Many commentators have highlighted the role of Taiwanese media in developing anti-Korean sentiment. When reviewing Taiwanese news, Huang discovered that anti-Korean speech had appeared in the 1980s. Since then, Taiwanese media have used strong nationalist wording when reporting sports news. The media also used kinship terms when reporting on diplomatic relations between the two countries.

Mass media in Taiwan also reported on Korean baseball players in a controversial tone. A NOWnews news report used the word Gaoli bangzi when reporting on Shin-Soo Choo, a Cleveland Guardians player at the time. The report quickly gained attention from Korean media, even though the media changed the wording afterward. Korean media also noticed that Taiwanese media use a sensational tone when reporting sports news, provoking readers' anti-Korean sentiment.

Yang Chien-Hao, a senior Taiwanese reporter based in Korea, described news coverage of Korea in Taiwanese media as "stupid." He criticised the media's reliance on Western news agencies, disinformation from China, and the conservative Chojoongdong, which provided a Chinese version of their report. Yang argued that these factors contributed to poor news reporting on Korea in Taiwanese media. Chu Li-shi, a Taiwanese Koreanologist, suggested that much of the anti-Korean reporting in Taiwanese media stems from ownership by Waishengren. Chu argued that media under their control tend to promote Chinese nationalism, adopt a condescending tone, and even foster anti-Korean sentiment in their coverage of Korea.

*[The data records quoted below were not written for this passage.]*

(* Let $G$ be a graph on $V$ and let $W_1,W_2\subseteq V$ be disjoint, with $W_1$ reducible in $G$. Then $W_2$ is reducible in $\Gamma_{W_1}(G)$ if and only if $W_1\cup W_2$ is reducible in $G$, and in this case $\Gamma_{W_1\cup W_2}(G)=\Gamma_{W_2}(\Gamma_{W_1}(G))$.
   Context: A graph means a finite simple graph in which loops are allowed, with adjacency matrix $A$ over $\mathbf F_2$ ($A_{vv}=1$ iff $v$ has a loop). Let $\mathcal V$ be the $\mathbf F_2$-vector space with basis $V$ and $\mathcal E(x,y)=x^TAy$. For $W\subseteq V$, $\langle W\rangle$ is the span of $W$ and $\langle W\rangle^{\perp\mathcal E}=\{x\in\mathcal V:\mathcal E(x,w)=0\ \forall w\in\langle W\rangle\}$. $W$ is reducible in $G$ if $\langle W\rangle+\langle W\rangle^{\perp\mathcal E}=\mathcal V$. For reducible $W$, define $\mathcal E^W(x_1,x_2)=\mathcal E(x_1',x_2')$ where $x_i'\in\langle W\rangle^{\perp\mathcal E}$ are any vectors with $x_i-x_i'\in\langle W\rangle$ (well defined); the graph reduction $\Gamma_W(G)$ is the graph on vertex set $V\setminus W$ in which $v,w$ (possibly equal) are joined iff $\mathcal E^W(v,w)=1$. *)

theory Defs
  imports Main
begin

text \<open>A vector of the F2-vector space
with basis V is identified with its support, a subset of V; addition is symmetric
difference.\<close>

type_synonym 'a graph = "'a set \<times> ('a \<Rightarrow> 'a \<Rightarrow> bool)"

definition is_graph :: "'a graph \<Rightarrow> bool" where
  "is_graph G \<longleftrightarrow> finite (fst G) \<and> (\<forall>u v. snd G u v = snd G v u)
     \<and> (\<forall>u v. snd G u v \<longrightarrow> u \<in> fst G \<and> v \<in> fst G)"

definition vecs :: "'a graph \<Rightarrow> 'a set set" where
  "vecs G = Pow (fst G)"

definition vadd :: "'a set \<Rightarrow> 'a set \<Rightarrow> 'a set" where
  "vadd x y = (x - y) \<union> (y - x)"

text \<open>E(x,y) = x^T A y over F2; True means 1.\<close>
definition bil :: "'a graph \<Rightarrow> 'a set \<Rightarrow> 'a set \<Rightarrow> bool" where
  "bil G x y \<longleftrightarrow> odd (card {(u, v). u \<in> x \<and> v \<in> y \<and> snd G u v})"

text \<open>The span of a set W of basis vectors: all F2-combinations, i.e. subsets of W.\<close>
definition span2 :: "'a set \<Rightarrow> 'a set set" where
  "span2 W = Pow W"

definition perp :: "'a graph \<Rightarrow> 'a set \<Rightarrow> 'a set set" where
  "perp G W = {x \<in> vecs G. \<forall>w \<in> span2 W. \<not> bil G x w}"

definition reducible :: "'a graph \<Rightarrow> 'a set \<Rightarrow> bool" where
  "reducible G W \<longleftrightarrow> {vadd a b | a b. a \<in> span2 W \<and> b \<in> perp G W} = vecs G"

definition proj :: "'a graph \<Rightarrow> 'a set \<Rightarrow> 'a set \<Rightarrow> 'a set" where
  "proj G W x = (SOME x'. x' \<in> perp G W \<and> vadd x x' \<in> span2 W)"

definition bilW :: "'a graph \<Rightarrow> 'a set \<Rightarrow> 'a set \<Rightarrow> 'a set \<Rightarrow> bool" where
  "bilW G W x y \<longleftrightarrow> bil G (proj G W x) (proj G W y)"

definition reduction :: "'a graph \<Rightarrow> 'a set \<Rightarrow> 'a graph" where
  "reduction G W = (fst G - W,
     \<lambda>v w. v \<in> fst G - W \<and> w \<in> fst G - W \<and> bilW G W {v} {w})"

end

theory Submission
  imports Defs
begin

text \<open>
  Vectors are subsets of V, addition is symmetric difference and
  E is the parity of the number of edges between two vertex sets, so E is a
  symmetric bilinear form over F2.  Reducibility of W says that every vector x
  has a partner x' in the E-orthogonal complement of span W with x + x' in span W;
  E^W(x,y) may then be computed as E(x',y).  Two facts about G1 = Gamma_W1(G)
  drive the theorem: the form of G1 is E^W1 itself on subsets of V - W1 (both are
  bilinear and agree on pairs of vertices), and for c in G1 with partner d the
  value of E_G1(c,w) equals E(d,w).  Consequently c is orthogonal to span W2 in
  G1 iff d is orthogonal to span(W1 u W2) in G, which transports partners in both
  directions and yields the equivalence of the two reducibility statements.
  For the equality of reductions, composing the partners of a vector x first in
  G1 (w.r.t. W2) and then in G (w.r.t. W1) gives a partner of x for W1 u W2, on
  which both reduced forms take the same value.
\<close>

section \<open>Vectors over F2 as sets\<close>

lemma in_vadd [simp]: "z \<in> vadd x y \<longleftrightarrow> (z \<in> x) \<noteq> (z \<in> y)"
  unfolding vadd_def by auto

lemma vadd_eq_iff: "vadd x b = a \<longleftrightarrow> x = vadd a b"
  by auto

lemma vadd_subset: "a \<subseteq> V \<Longrightarrow> b \<subseteq> V \<Longrightarrow> vadd a b \<subseteq> V"
  by auto

lemma vadd_trans: "vadd x y \<subseteq> A \<Longrightarrow> vadd y z \<subseteq> B \<Longrightarrow> vadd x z \<subseteq> A \<union> B"
  by (auto simp: subset_iff)

lemma vadd_vadd_subset:
  "vadd a a' \<subseteq> W \<Longrightarrow> vadd b b' \<subseteq> W \<Longrightarrow> vadd (vadd a b) (vadd a' b') \<subseteq> W"
  by (auto simp: subset_iff)

lemma insert_eq_vadd: "v \<notin> A \<Longrightarrow> insert v A = vadd {v} A"
  by auto

lemma odd_card_vadd:
  assumes "finite A" "finite B"
  shows "odd (card (vadd A B)) \<longleftrightarrow> odd (card A) \<noteq> odd (card B)"
proof -
  have split: "vadd A B = (A \<union> B) - (A \<inter> B)" by auto
  have "card (A \<inter> B) \<le> card (A \<union> B)" using assms by (intro card_mono) auto
  moreover have "card (vadd A B) = card (A \<union> B) - card (A \<inter> B)"
    unfolding split using assms by (intro card_Diff_subset) auto
  moreover have "card (A \<union> B) + card (A \<inter> B) = card A + card B"
    using card_Un_Int[OF assms] by simp
  ultimately have "card (vadd A B) + 2 * card (A \<inter> B) = card A + card B" by linarith
  then have "even (card (vadd A B) + 2 * card (A \<inter> B)) \<longleftrightarrow> even (card A + card B)"
    by simp
  then show ?thesis by simp
qed

text \<open>Two additive maps from Pow V to F2 that agree on singletons agree everywhere,
  since the singletons span Pow V.\<close>
lemma additive_eqI:
  assumes "finite V"
    and f_add: "\<And>x y. x \<subseteq> V \<Longrightarrow> y \<subseteq> V \<Longrightarrow> f (vadd x y) \<longleftrightarrow> f x \<noteq> f y"
    and g_add: "\<And>x y. x \<subseteq> V \<Longrightarrow> y \<subseteq> V \<Longrightarrow> g (vadd x y) \<longleftrightarrow> g x \<noteq> g y"
    and singletons: "\<And>v. v \<in> V \<Longrightarrow> f {v} = g {v}"
    and "x \<subseteq> V"
  shows "f x = g x"
proof -
  have "finite x" using assms(5) \<open>finite V\<close> by (rule finite_subset)
  then show ?thesis using \<open>x \<subseteq> V\<close>
  proof (induction x rule: finite_induct)
    case empty
    have empty_sum: "vadd {} {} = {}" by auto
    have "\<not> f {}" "\<not> g {}"
      using f_add[of "{}" "{}"] g_add[of "{}" "{}"] unfolding empty_sum by auto
    then show ?case by simp
  next
    case (insert v A)
    then have "v \<in> V" "A \<subseteq> V" by auto
    have "f (insert v A) \<longleftrightarrow> f {v} \<noteq> f A" "g (insert v A) \<longleftrightarrow> g {v} \<noteq> g A"
      unfolding insert_eq_vadd[OF insert.hyps(2)]
      using f_add g_add \<open>v \<in> V\<close> \<open>A \<subseteq> V\<close> by auto
    then show ?case using insert.IH \<open>A \<subseteq> V\<close> singletons[OF \<open>v \<in> V\<close>] by simp
  qed
qed

definition biadditive :: "'a set \<Rightarrow> ('a set \<Rightarrow> 'a set \<Rightarrow> bool) \<Rightarrow> bool" where
  "biadditive V F \<longleftrightarrow> (\<forall>x y z. x \<subseteq> V \<longrightarrow> y \<subseteq> V \<longrightarrow> z \<subseteq> V \<longrightarrow>
      (F (vadd x y) z \<longleftrightarrow> F x z \<noteq> F y z) \<and> (F z (vadd x y) \<longleftrightarrow> F z x \<noteq> F z y))"

lemma biadditive_eqI:
  assumes "finite V" "biadditive V F" "biadditive V F'"
    and singletons: "\<And>u v. u \<in> V \<Longrightarrow> v \<in> V \<Longrightarrow> F {u} {v} = F' {u} {v}"
    and "x \<subseteq> V" "y \<subseteq> V"
  shows "F x y = F' x y"
proof -
  have row: "F {u} y = F' {u} y" if "u \<in> V" for u
    by (rule additive_eqI[where f = "F {u}" and g = "F' {u}", OF \<open>finite V\<close> _ _ _ \<open>y \<subseteq> V\<close>])
      (use assms(2,3) singletons that in \<open>auto simp: biadditive_def\<close>)
  show ?thesis
    by (rule additive_eqI[where f = "\<lambda>x. F x y" and g = "\<lambda>x. F' x y",
          OF \<open>finite V\<close> _ _ _ \<open>x \<subseteq> V\<close>])
      (use assms(2,3,6) row in \<open>auto simp: biadditive_def\<close>)
qed

section \<open>The bilinear form of a graph\<close>

lemma graph_finite: "is_graph H \<Longrightarrow> finite (fst H)"
  by (simp add: is_graph_def)

lemma graph_sym: "is_graph H \<Longrightarrow> snd H u v = snd H v u"
  by (simp add: is_graph_def)

lemma graph_edge_in: "is_graph H \<Longrightarrow> snd H u v \<Longrightarrow> u \<in> fst H \<and> v \<in> fst H"
  unfolding is_graph_def by blast

lemma bil_add_left:
  assumes "is_graph H"
  shows "bil H (vadd x y) z \<longleftrightarrow> bil H x z \<noteq> bil H y z"
proof -
  define S where "S x = {(u, v). u \<in> x \<and> v \<in> z \<and> snd H u v}" for x
  have "S s \<subseteq> fst H \<times> fst H" for s
    using graph_edge_in[OF assms] by (auto simp: S_def)
  then have fin: "finite (S s)" for s
    using graph_finite[OF assms] by (meson finite_SigmaI finite_subset)
  have "S (vadd x y) = vadd (S x) (S y)" by (auto simp: S_def)
  then show ?thesis using odd_card_vadd[OF fin fin] by (simp add: bil_def S_def)
qed

lemma bil_sym:
  assumes "is_graph H"
  shows "bil H x y = bil H y x"
proof -
  have "{(u, v). u \<in> y \<and> v \<in> x \<and> snd H u v}
      = prod.swap ` {(u, v). u \<in> x \<and> v \<in> y \<and> snd H u v}"
    by (auto simp: image_iff graph_sym[OF assms, of _ _])
  moreover have "inj_on prod.swap A" for A :: "('a \<times> 'a) set" by (rule inj_onI) (metis swap_swap)
  ultimately show ?thesis unfolding bil_def by (simp add: card_image)
qed

lemma bil_add_right:
  "is_graph H \<Longrightarrow> bil H z (vadd x y) \<longleftrightarrow> bil H z x \<noteq> bil H z y"
  using bil_add_left bil_sym by metis

lemma biadditive_bil: "is_graph H \<Longrightarrow> biadditive V (bil H)"
  by (simp add: biadditive_def bil_add_left bil_add_right)

section \<open>Orthogonal complements and reducibility\<close>

lemma perp_subset: "x \<in> perp H W \<Longrightarrow> x \<subseteq> fst H"
  by (simp add: perp_def vecs_def)

lemma perp_vadd: "is_graph H \<Longrightarrow> a \<in> perp H W \<Longrightarrow> b \<in> perp H W \<Longrightarrow> vadd a b \<in> perp H W"
  by (auto simp: perp_def vecs_def bil_add_left)

lemma perp_Un:
  assumes "is_graph H"
  shows "perp H (W1 \<union> W2) = perp H W1 \<inter> perp H W2"
proof (intro equalityI subsetI)
  fix d assume d: "d \<in> perp H W1 \<inter> perp H W2"
  have "\<not> bil H d w" if "w \<subseteq> W1 \<union> W2" for w
  proof -
    have "w = vadd (w \<inter> W1) (w - W1)" by auto
    moreover have "\<not> bil H d (w \<inter> W1)" "\<not> bil H d (w - W1)"
      using d that by (auto simp: perp_def span2_def)
    ultimately show ?thesis using bil_add_right[OF assms] by metis
  qed
  then show "d \<in> perp H (W1 \<union> W2)" using d by (auto simp: perp_def span2_def)
qed (auto simp: perp_def span2_def)

lemma perp_shift:
  assumes "is_graph H" "x' \<in> perp H W" "vadd y y' \<subseteq> W"
  shows "bil H x' y = bil H x' y'"
proof -
  have "\<not> bil H x' (vadd y y')" using assms(2,3) by (simp add: perp_def span2_def)
  then show ?thesis using bil_add_right[OF assms(1)] by metis
qed

lemma reducible_iff:
  assumes "W \<subseteq> fst H"
  shows "reducible H W \<longleftrightarrow> (\<forall>x \<subseteq> fst H. \<exists>b \<in> perp H W. vadd x b \<subseteq> W)"
proof -
  define sums where "sums = {vadd a b | a b. a \<in> span2 W \<and> b \<in> perp H W}"
  have "sums \<subseteq> vecs H"
    using assms by (auto simp: sums_def span2_def vecs_def perp_def subset_iff)
  then have "reducible H W \<longleftrightarrow> (\<forall>x \<subseteq> fst H. x \<in> sums)"
    unfolding reducible_def sums_def[symmetric] by (auto simp: vecs_def)
  moreover have "x \<in> sums \<longleftrightarrow> (\<exists>b \<in> perp H W. vadd x b \<subseteq> W)" for x
    by (auto simp: sums_def span2_def vadd_eq_iff[symmetric])
  ultimately show ?thesis by simp
qed

lemma proj_spec:
  assumes "reducible H W" "W \<subseteq> fst H" "x \<subseteq> fst H"
  shows "proj H W x \<in> perp H W" "vadd x (proj H W x) \<subseteq> W"
proof -
  have "\<exists>x'. x' \<in> perp H W \<and> vadd x x' \<in> span2 W"
    using assms by (auto simp: reducible_iff span2_def)
  then have "proj H W x \<in> perp H W \<and> vadd x (proj H W x) \<in> span2 W"
    unfolding proj_def by (rule someI_ex)
  then show "proj H W x \<in> perp H W" "vadd x (proj H W x) \<subseteq> W"
    by (auto simp: span2_def)
qed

Commentators and forums also highlight a mutual friction in historical and cultural perceptions between the two societies, particularly regarding Empire of Japan. While Taiwan generally maintains a favorable and nostalgic view of Japan's colonial legacy, South Korea has constructed a strong anti-colonial nationalism rooted in its historical suffering. According to the Taiwan Association of University Professors, this divergence leaves many Taiwanese struggling to understand South Korea's international alignments, while South Koreans remain perplexed by Taiwan's strong pro-Japan sentiment. Koreanologists such as Chu Li-shi noted that even South Korean diplomats in Taipei have expressed confusion over why Taiwanese media, while highly receptive to Japan and the United States, occasionally single out South Korea for sensationalized criticism.

== Public opinion ==
According to a 2009 survey conducted by King Car Cultural & Educational Foundation, South Korea ranked 2nd (33.3%) in "Unfriendly countries" among Taiwanese youth, and still 2nd (47.4%) in "Unfriendly countries" in 2011. In 2018, the survey suggested that South Korea ranked 4th (20.2%) as "Friendly countries", while still 4th (22.2%) in 2022.

Some researchers noticed gender as a factor of anti-Korean sentiment among Taiwanese people. Generally, Taiwanese males are more likely to express their dislike of Korean people and culture. Chen suggested that the strong anti-Korean sentiment among Taiwanese males may be related to young Taiwanese men's interest in electronics and sports.

According to Park's qualitative research in 2023, Taiwanese who held anti-Korean sentiment stayed in previous generations. Newer generations after the 2010s did not hold anti-Korean sentiment, and instead have a positive perception of Korea. Park suggested that the Korean wave played a key role in declining anti-Korean sentiment among the younger generation in Taiwan. When reviewing anti-Korean sentiment in Taiwan in 2023, Huang also noticed that anti-Korean sentiment in Taiwan had declined in the 2010s, and attributes the trend to the Korean government's reform of culture policies, which affected Taiwanese's view on Korea at the time.